### Your objective
Taking the material as a whole, state how many of its lines contain "exists". Write the number and nothing more.

### Provided records
::::::
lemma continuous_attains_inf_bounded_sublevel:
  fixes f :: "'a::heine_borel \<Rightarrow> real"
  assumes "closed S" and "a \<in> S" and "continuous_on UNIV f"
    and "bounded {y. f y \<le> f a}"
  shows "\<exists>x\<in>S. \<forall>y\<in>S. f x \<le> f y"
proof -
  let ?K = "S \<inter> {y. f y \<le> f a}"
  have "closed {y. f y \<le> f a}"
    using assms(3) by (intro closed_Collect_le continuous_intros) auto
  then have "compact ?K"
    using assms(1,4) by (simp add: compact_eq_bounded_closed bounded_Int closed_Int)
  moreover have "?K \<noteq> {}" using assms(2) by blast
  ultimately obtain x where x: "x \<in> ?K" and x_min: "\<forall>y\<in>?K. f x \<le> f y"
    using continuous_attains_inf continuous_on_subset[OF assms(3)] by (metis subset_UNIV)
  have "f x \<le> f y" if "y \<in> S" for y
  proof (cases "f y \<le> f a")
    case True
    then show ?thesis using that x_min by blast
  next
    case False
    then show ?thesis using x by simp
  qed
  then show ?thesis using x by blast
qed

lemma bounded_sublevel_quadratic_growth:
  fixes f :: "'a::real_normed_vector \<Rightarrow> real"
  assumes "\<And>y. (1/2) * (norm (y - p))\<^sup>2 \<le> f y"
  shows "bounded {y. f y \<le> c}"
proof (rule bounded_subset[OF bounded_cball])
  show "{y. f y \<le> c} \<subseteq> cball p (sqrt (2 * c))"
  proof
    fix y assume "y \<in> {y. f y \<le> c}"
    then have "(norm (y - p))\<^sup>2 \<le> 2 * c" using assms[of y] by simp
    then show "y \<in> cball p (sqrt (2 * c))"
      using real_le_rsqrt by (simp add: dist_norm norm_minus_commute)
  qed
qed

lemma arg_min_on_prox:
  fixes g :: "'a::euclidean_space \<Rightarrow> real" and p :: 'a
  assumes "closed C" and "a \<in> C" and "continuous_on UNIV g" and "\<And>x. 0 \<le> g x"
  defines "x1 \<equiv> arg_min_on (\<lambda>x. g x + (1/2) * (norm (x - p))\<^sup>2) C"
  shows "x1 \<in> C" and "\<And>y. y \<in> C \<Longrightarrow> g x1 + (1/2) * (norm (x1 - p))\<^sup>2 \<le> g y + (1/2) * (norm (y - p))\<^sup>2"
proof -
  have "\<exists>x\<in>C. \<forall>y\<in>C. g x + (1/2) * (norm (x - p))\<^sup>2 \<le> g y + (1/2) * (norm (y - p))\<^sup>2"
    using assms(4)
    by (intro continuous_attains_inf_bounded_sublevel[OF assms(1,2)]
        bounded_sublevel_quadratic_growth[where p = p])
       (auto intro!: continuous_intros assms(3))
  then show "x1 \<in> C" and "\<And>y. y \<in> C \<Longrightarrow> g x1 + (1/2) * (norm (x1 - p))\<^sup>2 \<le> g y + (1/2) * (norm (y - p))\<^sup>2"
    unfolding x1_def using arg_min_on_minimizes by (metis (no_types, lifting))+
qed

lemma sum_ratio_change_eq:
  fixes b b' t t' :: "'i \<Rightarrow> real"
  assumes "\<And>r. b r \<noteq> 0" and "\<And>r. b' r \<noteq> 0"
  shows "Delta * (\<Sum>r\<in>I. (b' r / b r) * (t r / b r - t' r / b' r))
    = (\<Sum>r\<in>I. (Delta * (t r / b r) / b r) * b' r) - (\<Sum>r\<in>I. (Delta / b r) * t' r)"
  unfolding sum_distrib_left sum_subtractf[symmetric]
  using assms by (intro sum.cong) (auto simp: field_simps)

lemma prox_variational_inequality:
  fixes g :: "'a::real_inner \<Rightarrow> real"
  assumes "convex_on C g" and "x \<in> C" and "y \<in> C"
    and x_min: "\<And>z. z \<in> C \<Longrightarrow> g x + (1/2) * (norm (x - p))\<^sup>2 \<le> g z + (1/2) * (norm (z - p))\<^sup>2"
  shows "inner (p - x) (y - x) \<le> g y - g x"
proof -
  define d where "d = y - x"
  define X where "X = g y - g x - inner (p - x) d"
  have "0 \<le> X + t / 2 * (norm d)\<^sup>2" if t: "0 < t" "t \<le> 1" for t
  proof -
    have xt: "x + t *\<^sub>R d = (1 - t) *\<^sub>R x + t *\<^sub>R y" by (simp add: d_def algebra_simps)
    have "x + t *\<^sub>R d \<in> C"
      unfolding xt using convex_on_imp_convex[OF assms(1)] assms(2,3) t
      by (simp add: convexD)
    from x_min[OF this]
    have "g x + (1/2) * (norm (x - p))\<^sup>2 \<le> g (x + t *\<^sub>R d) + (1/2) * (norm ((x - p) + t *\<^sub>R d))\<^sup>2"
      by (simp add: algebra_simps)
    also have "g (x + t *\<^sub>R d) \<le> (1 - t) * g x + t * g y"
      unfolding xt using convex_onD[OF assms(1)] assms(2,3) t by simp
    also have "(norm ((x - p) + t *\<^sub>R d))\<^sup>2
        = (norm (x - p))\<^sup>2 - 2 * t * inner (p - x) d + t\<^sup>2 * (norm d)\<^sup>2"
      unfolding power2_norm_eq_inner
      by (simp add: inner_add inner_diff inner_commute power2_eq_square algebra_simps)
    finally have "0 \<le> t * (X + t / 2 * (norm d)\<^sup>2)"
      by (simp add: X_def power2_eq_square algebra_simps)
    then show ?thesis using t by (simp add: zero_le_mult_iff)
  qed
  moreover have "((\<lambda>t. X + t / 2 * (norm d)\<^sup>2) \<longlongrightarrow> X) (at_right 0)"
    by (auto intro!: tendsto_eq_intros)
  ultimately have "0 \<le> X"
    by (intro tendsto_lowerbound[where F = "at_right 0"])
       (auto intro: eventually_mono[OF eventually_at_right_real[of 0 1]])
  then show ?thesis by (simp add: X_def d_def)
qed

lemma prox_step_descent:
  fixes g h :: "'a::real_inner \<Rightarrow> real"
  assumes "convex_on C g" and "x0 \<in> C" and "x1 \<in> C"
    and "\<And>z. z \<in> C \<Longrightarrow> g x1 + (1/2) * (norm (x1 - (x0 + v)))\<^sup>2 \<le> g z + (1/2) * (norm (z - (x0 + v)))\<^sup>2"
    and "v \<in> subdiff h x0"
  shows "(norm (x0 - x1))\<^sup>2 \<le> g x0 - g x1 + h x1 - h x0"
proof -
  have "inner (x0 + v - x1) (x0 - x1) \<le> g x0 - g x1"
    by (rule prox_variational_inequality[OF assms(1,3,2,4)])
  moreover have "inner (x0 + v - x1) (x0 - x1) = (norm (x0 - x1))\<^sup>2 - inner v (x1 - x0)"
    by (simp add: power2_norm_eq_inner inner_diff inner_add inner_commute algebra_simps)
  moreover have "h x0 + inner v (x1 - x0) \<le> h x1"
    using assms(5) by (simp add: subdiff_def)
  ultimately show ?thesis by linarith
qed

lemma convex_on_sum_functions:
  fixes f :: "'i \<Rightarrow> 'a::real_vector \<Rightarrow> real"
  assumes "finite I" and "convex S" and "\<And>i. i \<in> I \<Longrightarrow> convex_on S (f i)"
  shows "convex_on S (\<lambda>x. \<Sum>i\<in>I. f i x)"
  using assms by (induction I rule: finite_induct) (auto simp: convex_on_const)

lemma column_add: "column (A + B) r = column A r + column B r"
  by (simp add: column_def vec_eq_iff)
::::::
### Expected output
2